Twitter is Internet road rage.

by: The Dust Council

Last Updated: 2019-Aug-08

I've created, deleted, and re-created Twitter blogs about a dozen times and for some reason I never learn my lesson. Twitter is something I want to like. But there is something about it which turns nearly everyone who uses it into a complete bastard. There is nothing more hazardous than following someone I like or find interesting.

Twitter is analagous to mostly strangers holding up bumper stickers at each other in one hand, with a middle finger extended on the other. Nuance is scarce. Words are rarely chosen carefully in the interest of advancing discourse: what seems to be far more fashionable is blunt sloganeering, snark, and hatred, constructed to please one's own audience. I honestly wonder if given the millions of Tweets, anyone has ever changed their mind because of something they've seen on Twitter.

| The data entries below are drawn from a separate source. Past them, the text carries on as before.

lemma glued_clustering_loss_bounds:
  assumes cl: "clustering {0,1,2,6,7,8} {3,4,5,9,10,11} 3 C c"
    and "0 \<le> lam" and \<delta>0: "\<forall>q<6. \<delta> q q = 0"
  obtains s x T where "s < 2" "x \<in> {3,4,5}" "T \<subseteq> {0,1,2}"
    "\<And>i. i \<in> T \<Longrightarrow> wloss lam \<delta> i T x \<le> clust_loss lam (glue 6 \<delta> B) 3 C c (6 * s + i)"
    "\<And>i. i \<in> {0,1,2} - T \<Longrightarrow> (1 - lam) * B \<le> clust_loss lam (glue 6 \<delta> B) 3 C c (6 * s + i)"
proof -
  let ?N = "{0,1,2,6,7,8} :: nat set" and ?d = "glue 6 \<delta> B"
  obtain \<tau> where \<tau>: "\<And>p. p \<in> ?N \<Longrightarrow> \<tau> p < 3 \<and> p \<in> C (\<tau> p)"
    and loss: "\<And>p. p \<in> ?N \<Longrightarrow> clust_loss lam ?d 3 C c p = wloss lam ?d p (C (\<tau> p)) (c (\<tau> p))"
    and fin: "\<And>t. t < 3 \<Longrightarrow> finite (C t)"
    using clustering_assignment[OF cl] by (metis finite.emptyI finite.insertI)
  obtain s x t0 where "s < 2" "x \<in> {3,4,5}"
    and local: "\<And>t. t < 3 \<Longrightarrow> c t div 6 = s \<Longrightarrow> t = t0 \<and> c t0 = 6 * s + x"
    using glued_copy_with_one_local_cluster[OF cl] by blast
  define T where "T = {i \<in> {0,1,2}. c (\<tau> (6 * s + i)) div 6 = s}"
  have agent: "6 * s + i \<in> ?N" if "i \<in> {0,1,2}" for i
    using that \<open>s < 2\<close> by (auto simp: less_2_cases_iff)
  have served: "\<tau> (6 * s + i) = t0" "c t0 = 6 * s + x" if "i \<in> T" for i
    using local \<tau> agent that unfolding T_def by blast+
  show thesis
  proof (rule that)
    show "s < 2" "x \<in> {3,4,5}" by fact+
    show "T \<subseteq> {0,1,2}" unfolding T_def by blast
  next
    fix i assume "i \<in> T"
    then have p: "6 * s + i \<in> ?N" using agent T_def by simp
    then have "t0 < 3" using \<tau> served[OF \<open>i \<in> T\<close>] by metis
    have "(+) (6 * s) ` T \<subseteq> C t0"
      using \<tau> agent served unfolding T_def by (smt (verit) image_subsetI mem_Collect_eq)
    then have "wloss lam \<delta> i T x \<le> wloss lam ?d (6 * s + i) (C t0) (6 * s + x)"
      using fin[OF \<open>t0 < 3\<close>] \<open>i \<in> T\<close> \<open>x \<in> {3,4,5}\<close> \<open>0 \<le> lam\<close>
      by (intro wloss_glue_copy_le) (auto simp: T_def)
    then show "wloss lam \<delta> i T x \<le> clust_loss lam ?d 3 C c (6 * s + i)"
      using loss[OF p] served[OF \<open>i \<in> T\<close>] by simp
  next
    fix i assume i: "i \<in> {0,1,2} - T"
    then have "(6 * s + i) div 6 \<noteq> c (\<tau> (6 * s + i)) div 6" unfolding T_def by auto
    then show "(1 - lam) * B \<le> clust_loss lam ?d 3 C c (6 * s + i)"
      using wloss_glue_other_copy[OF fin, of "\<tau> (6 * s + i)" "6 * s + i"] loss \<tau> agent i \<delta>0 \<open>0 \<le> lam\<close>
      by auto
  qed
qed

text \<open>Only the members of S served at x are constrained: in the glued instance the others are
  served from the far copy and gain anyway.\<close>
definition gadget_blocks :: "real \<Rightarrow> real \<Rightarrow> (nat \<Rightarrow> nat \<Rightarrow> real) \<Rightarrow> bool" where
  "gadget_blocks lam \<alpha> \<delta> \<longleftrightarrow>
     (\<forall>x\<in>{3,4,5}. \<forall>T\<subseteq>{0,1,2}. \<exists>S\<subseteq>{0,1,2}. 2 \<le> card S \<and>
        (\<exists>y\<in>{3,4,5}. \<forall>i\<in>S \<inter> T. \<alpha> * wloss lam \<delta> i S y < wloss lam \<delta> i T x))"

lemma glued_not_in_alpha_core:
  assumes "0 \<le> lam" "lam \<le> 1" "0 \<le> \<alpha>"
    and \<delta>: "pseudometric_on {..<6} \<delta>" and diam: "\<forall>p<6. \<forall>q<6. \<delta> p q \<le> K"
    and far: "\<alpha> * K < (1 - lam) * B"
    and blocks: "gadget_blocks lam \<alpha> \<delta>"
    and cl: "clustering {0,1,2,6,7,8} {3,4,5,9,10,11} 3 C c"
  shows "\<not> in_alpha_core lam \<alpha> {0,1,2,6,7,8} {3,4,5,9,10,11} 3 (glue 6 \<delta> B) C c"
proof -
  let ?d = "glue 6 \<delta> B"
  have "\<forall>q<6. \<delta> q q = 0" using \<delta> unfolding pseudometric_on_def by simp
  then obtain s x T where "s < 2" "x \<in> {3,4,5}" "T \<subseteq> {0,1,2}"
    and in_T: "\<And>i. i \<in> T \<Longrightarrow> wloss lam \<delta> i T x \<le> clust_loss lam ?d 3 C c (6 * s + i)"
    and off_T: "\<And>i. i \<in> {0,1,2} - T \<Longrightarrow> (1 - lam) * B \<le> clust_loss lam ?d 3 C c (6 * s + i)"
    using glued_clustering_loss_bounds[OF cl \<open>0 \<le> lam\<close>] by metis
  then obtain S y where S: "S \<subseteq> {0,1,2}" "2 \<le> card S" and "y \<in> {3,4,5}"
    and gain: "\<And>i. i \<in> S \<inter> T \<Longrightarrow> \<alpha> * wloss lam \<delta> i S y < wloss lam \<delta> i T x"
    using blocks unfolding gadget_blocks_def by meson
  let ?S = "(+) (6 * s) ` S"
  have "\<alpha> * wloss lam ?d p ?S (6 * s + y) < clust_loss lam ?d 3 C c p" if "p \<in> ?S" for p
  proof -
    obtain i where "i \<in> S" and p: "p = 6 * s + i" using \<open>p \<in> ?S\<close> by blast
    have "finite S" using S finite_subset by blast
    have lt6: "j < 6" if "j \<in> S" for j using S that by auto
    have new: "wloss lam ?d p ?S (6 * s + y) = wloss lam \<delta> i S y"
      unfolding p using S \<open>i \<in> S\<close> \<open>y \<in> {3,4,5}\<close> by (intro wloss_glue_copy) auto
    show ?thesis
    proof (cases "i \<in> T")
      case True
      then show ?thesis using gain[of i] in_T[of i] new p \<open>i \<in> S\<close> by simp
    next
      case False
      have "wloss lam \<delta> i S y \<le> K"
        using \<open>finite S\<close> \<open>i \<in> S\<close> lt6 diam \<open>y \<in> {3,4,5}\<close> \<open>0 \<le> lam\<close> \<open>lam \<le> 1\<close>
        by (intro wloss_le) auto
      then have "\<alpha> * wloss lam \<delta> i S y \<le> \<alpha> * K" using \<open>0 \<le> \<alpha>\<close> by (rule mult_left_mono)
      then show ?thesis using far off_T[of i] False new p \<open>i \<in> S\<close> S by auto
    qed
  qed
  moreover have "real (card {0,1,2,6,7,8::nat}) / real 3 \<le> real (card ?S)"
    using \<open>2 \<le> card S\<close> by (simp add: card_image)
  moreover have "?S \<subseteq> {0,1,2,6,7,8}" and "6 * s + y \<in> {3,4,5,9,10,11}"
    using S \<open>s < 2\<close> \<open>y \<in> {3,4,5}\<close> by (auto simp: less_2_cases_iff)
  ultimately show ?thesis unfolding in_alpha_core_def by blast
qed

lemma instance_without_alpha_core_from_gadget:
  assumes "0 \<le> lam" "lam < 1" "0 \<le> \<alpha>"
    and \<delta>: "pseudometric_on {..<6} \<delta>" and diam: "\<forall>p<6. \<forall>q<6. \<delta> p q \<le> K"
    and blocks: "gadget_blocks lam \<alpha> \<delta>"
  shows "\<exists>(N :: nat set) M k d. clust_instance N M k d \<and>
           (\<forall>C c. clustering N M k C c \<longrightarrow> \<not> in_alpha_core lam \<alpha> N M k d C c)"
proof -
  have "0 \<le> K" using \<delta> diam unfolding pseudometric_on_def by force
  define B where "B = (\<alpha> * K + 1) / (1 - lam) + K"
  have "(1 - lam) * B = \<alpha> * K + 1 + (1 - lam) * K"
    unfolding B_def using \<open>lam < 1\<close> by (simp add: field_simps)
  then have far: "\<alpha> * K < (1 - lam) * B"
    using \<open>0 \<le> K\<close> \<open>lam < 1\<close> by (smt (verit) mult_nonneg_nonneg)
  have "K \<le> B" unfolding B_def using \<open>0 \<le> K\<close> \<open>0 \<le> \<alpha>\<close> \<open>lam < 1\<close> by simp
  then have "\<forall>p<6. \<forall>q<6. \<delta> p q \<le> B" using diam by force
  then have "pseudometric_on UNIV (glue 6 \<delta> B)" by (intro pseudometric_glue[OF \<delta>]) auto
  then have "clust_instance {0,1,2,6,7,8} {3,4,5,9,10,11} 3 (glue 6 \<delta> B)"
    unfolding clust_instance_def by (simp add: pseudometric_on_subset[of UNIV])
  moreover have "\<not> in_alpha_core lam \<alpha> {0,1,2,6,7,8} {3,4,5,9,10,11} 3 (glue 6 \<delta> B) C c"
    if "clustering {0,1,2,6,7,8} {3,4,5,9,10,11} 3 C c" for C c
    using glued_not_in_alpha_core[OF \<open>0 \<le> lam\<close> _ \<open>0 \<le> \<alpha>\<close> \<delta> diam far blocks that] \<open>lam < 1\<close>
    by simp
  ultimately show ?thesis by blast
qed

lemma lessThan_6: "{..<6::nat} = {0,1,2,3,4,5}" by auto

definition cyclic_gadget :: "nat \<Rightarrow> nat \<Rightarrow> real" where
  "cyclic_gadget p q =
     [[0, 3, 3, 1, 4, 2],
      [3, 0, 3, 2, 1, 4],
      [3, 3, 0, 4, 2, 1],
      [1, 2, 4, 0, 3, 3],
      [4, 1, 2, 3, 0, 3],
      [2, 4, 1, 3, 3, 0]] ! p ! q"

lemma pseudometric_cyclic_gadget: "pseudometric_on {..<6} cyclic_gadget"
  unfolding pseudometric_on_def lessThan_6 by (simp add: cyclic_gadget_def)

lemma cyclic_gadget_le_4: "\<forall>p<6. \<forall>q<6. cyclic_gadget p q \<le> 4"
  unfolding lessThan_iff[symmetric] lessThan_6 by (simp add: cyclic_gadget_def)

text \<open>If x serves, the two agents other than \<open>x - 3\<close> move to the next centre together: their
  distance to the centre drops from 2 to 1 or from 4 to 2, while their mutual distance is 3.\<close>
lemma gadget_blocks_cyclic:
  assumes "0 \<le> lam" "0 \<le> \<alpha>" and bound: "\<alpha> * (2 * lam + 1) < 2 * (1 - lam)"
  shows "gadget_blocks lam \<alpha> cyclic_gadget"
  unfolding gadget_blocks_def
proof (intro ballI allI impI)
  fix x :: nat and T :: "nat set"
  assume x: "x \<in> {3,4,5}" and T: "T \<subseteq> {0,1,2}"
  have "finite T" using T finite_subset by blast
  have "\<alpha> * (lam + 2) < 4 * (1 - lam)"
    using bound mult_nonneg_nonneg[OF assms(2,1)] by (simp add: algebra_simps)
  note gain = wloss_pair_less_wloss[OF \<open>finite T\<close> \<open>0 \<le> lam\<close>]
  from x consider "x = 3" | "x = 4" | "x = 5" by blast
  then show "\<exists>S\<subseteq>{0,1,2}. 2 \<le> card S \<and>
      (\<exists>y\<in>{3,4,5}. \<forall>i\<in>S \<inter> T. \<alpha> * wloss lam cyclic_gadget i S y < wloss lam cyclic_gadget i T x)"
  proof cases
    case 1
    then show ?thesis using bound \<open>\<alpha> * (lam + 2) < 4 * (1 - lam)\<close>
      by (intro exI[of _ "{1,2}"] conjI bexI[of _ 4])
        (auto simp: cyclic_gadget_def algebra_simps intro!: gain)
  next
    case 2
    then show ?thesis using bound \<open>\<alpha> * (lam + 2) < 4 * (1 - lam)\<close>
      by (intro exI[of _ "{0,2}"] conjI bexI[of _ 5])
        (auto simp: cyclic_gadget_def algebra_simps intro!: gain)
  next
    case 3
    then show ?thesis using bound \<open>\<alpha> * (lam + 2) < 4 * (1 - lam)\<close>
      by (intro exI[of _ "{0,1}"] conjI bexI[of _ 3])
        (auto simp: cyclic_gadget_def algebra_simps intro!: gain)
  qed
qed

text \<open>Agents 0, 1, 2 and centres 3, 4, 5 sit at the vertices a, b, c, a, c, a of a triangle with
  \<open>|ac| = 1\<close> and \<open>|ab| = |bc| = r\<close>.\<close>
definition isosceles_gadget :: "real \<Rightarrow> nat \<Rightarrow> nat \<Rightarrow> real" where
  "isosceles_gadget r p q =
     [[0, r, 1, 0, 1, 0],
      [r, 0, r, r, r, r],
      [1, r, 0, 1, 0, 1],
      [0, r, 1, 0, 1, 0],
      [1, r, 0, 1, 0, 1],
      [0, r, 1, 0, 1, 0]] ! p ! q"

lemma pseudometric_isosceles_gadget:
  "1 \<le> r \<Longrightarrow> pseudometric_on {..<6} (isosceles_gadget r)"
  unfolding pseudometric_on_def lessThan_6 by (simp add: isosceles_gadget_def)

lemma isosceles_gadget_le: "1 \<le> r \<Longrightarrow> \<forall>p<6. \<forall>q<6. isosceles_gadget r p q \<le> r"
  unfolding lessThan_iff[symmetric] lessThan_6 by (simp add: isosceles_gadget_def)

lemma gadget_blocks_isosceles:
  assumes "0 \<le> lam" "1 \<le> r"
    and c1: "\<alpha> < lam * r + 1 - lam" and c2: "\<alpha> * lam < lam * r" and c3: "\<alpha> * lam * r < 1"
  shows "gadget_blocks lam \<alpha> (isosceles_gadget r)"
  unfolding gadget_blocks_def
proof (intro ballI allI impI)
  fix x :: nat and T :: "nat set"
  assume x: "x \<in> {3,4,5}" and T: "T \<subseteq> {0,1,2}"
  let ?\<delta> = "isosceles_gadget r"
  have "finite T" using T finite_subset by blast
  note gain = wloss_pair_less_wloss[OF \<open>finite T\<close> \<open>0 \<le> lam\<close>]
  have max_r: "max 0 r = r" "max r 0 = r" using \<open>1 \<le> r\<close> by auto
  consider "1 \<in> T" | "1 \<notin> T" "x = 4" "2 \<in> T" | "1 \<notin> T" "x \<noteq> 4" "0 \<in> T"
    | "1 \<notin> T" "(if x = 4 then 2 else 0) \<notin> T"
    by (cases "x = 4") auto
  then show "\<exists>S\<subseteq>{0,1,2}. 2 \<le> card S \<and>
      (\<exists>y\<in>{3,4,5}. \<forall>i\<in>S \<inter> T. \<alpha> * wloss lam ?\<delta> i S y < wloss lam ?\<delta> i T x)"
  proof cases
    case 1
    then show ?thesis using x c1 c2
      by (intro exI[of _ "{0,2}"] conjI bexI[of _ x])
        (auto simp: isosceles_gadget_def algebra_simps intro!: gain[where k = 1])
  next
    case 2
    then show ?thesis using c3
      by (intro exI[of _ "{0,1}"] conjI bexI[of _ 3])
        (auto simp: isosceles_gadget_def algebra_simps max_r intro!: gain[where k = 2])
  next
    case 3
    then show ?thesis using x c3
      by (intro exI[of _ "{1,2}"] conjI bexI[of _ 4])
        (auto simp: isosceles_gadget_def algebra_simps max_r intro!: gain[where k = 0])
  next
    case 4
    then show ?thesis by (intro exI[of _ "{1, if x = 4 then 2 else 0}"] conjI bexI[of _ 3]) auto
  qed
qed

Twitter is like road rage on a massive scale. And while the Internet has always had cruel, rude, destructive people, Twitter seems to turn even the best meaning people into unpleasant, cantankerous boors.

The more followers one has, the greater this tendency. Twitter users like to applaud and retweet people who are better at abuse than they are, and it interesting to watch how many nice folks have turned to performative hatred and snark because they attract followers. It is interesting to see how many people applaud and amplify abuse, as if there is some endgame in which generalized nastiness wins.

The format of Twitter's character limit makes any substantive debate or argument difficult, if not impossible. It is exactly the opposite format we need to untangle the increasingly complex problems which plague our civilization.

On Twitter, this premise (that any problem is complex) is by itself laughable, because Twitter users appear to be convinced people that the world works in a very simple way, that humans and their motivations are simple, and the solutions are simple, if only whomever they're blaming for the fiasco of the modern world would simply burst into flame following a mob-encouraged fusillade of abuse.

I try to avoid people like this, but to no avail. Politics — in particular — intrude on the feed of nearly every person I follow on Twitter, and this results in the exchange of insults and hostility which changes no one's mind but guarantees things will continue to spiral out of control.

I would have thought that the most obvious thing you learn as a child is that most people embrace hatred out of a sense of righteousness, misguided or not. When did we give up on that imparted wisdom and embrace and feed hatred under the banner of "my cause is just?"

It is also telling that most of the same people who complain about the polarization of society, online hostility, harrassment, mobs, and the grotesque dehumanization you see online, tend to hypocritically engage in the same, often within seconds or minutes of making this point.

Abusiveness, insults, and hatred does not change minds. It simply does not work. Almost universally, people will deliver flamboyant soliloquys about how they stand on principle and how the derision and disdain from critics would never move them to surrender their principles.

And I cannot figure out whether people are really so foolish to believe the same is not true of their antagonists and detractors, or whether they've given up and employ abuse, insult, sarcasm, cruelty, and dehumanization purely as performance art for their followers, without any hope of advancing an idea, persuading another, or improving the world.

This is true of much of the Internet, but it seems particularly concentrated on Twitter. I will never get used to the incivility of our age.

To all of the decent, kind-hearted folks of the world: may you never become popular on the Internet. I have seen the best minds of my generation destroyed by ego, sanctimoniousness, and hate.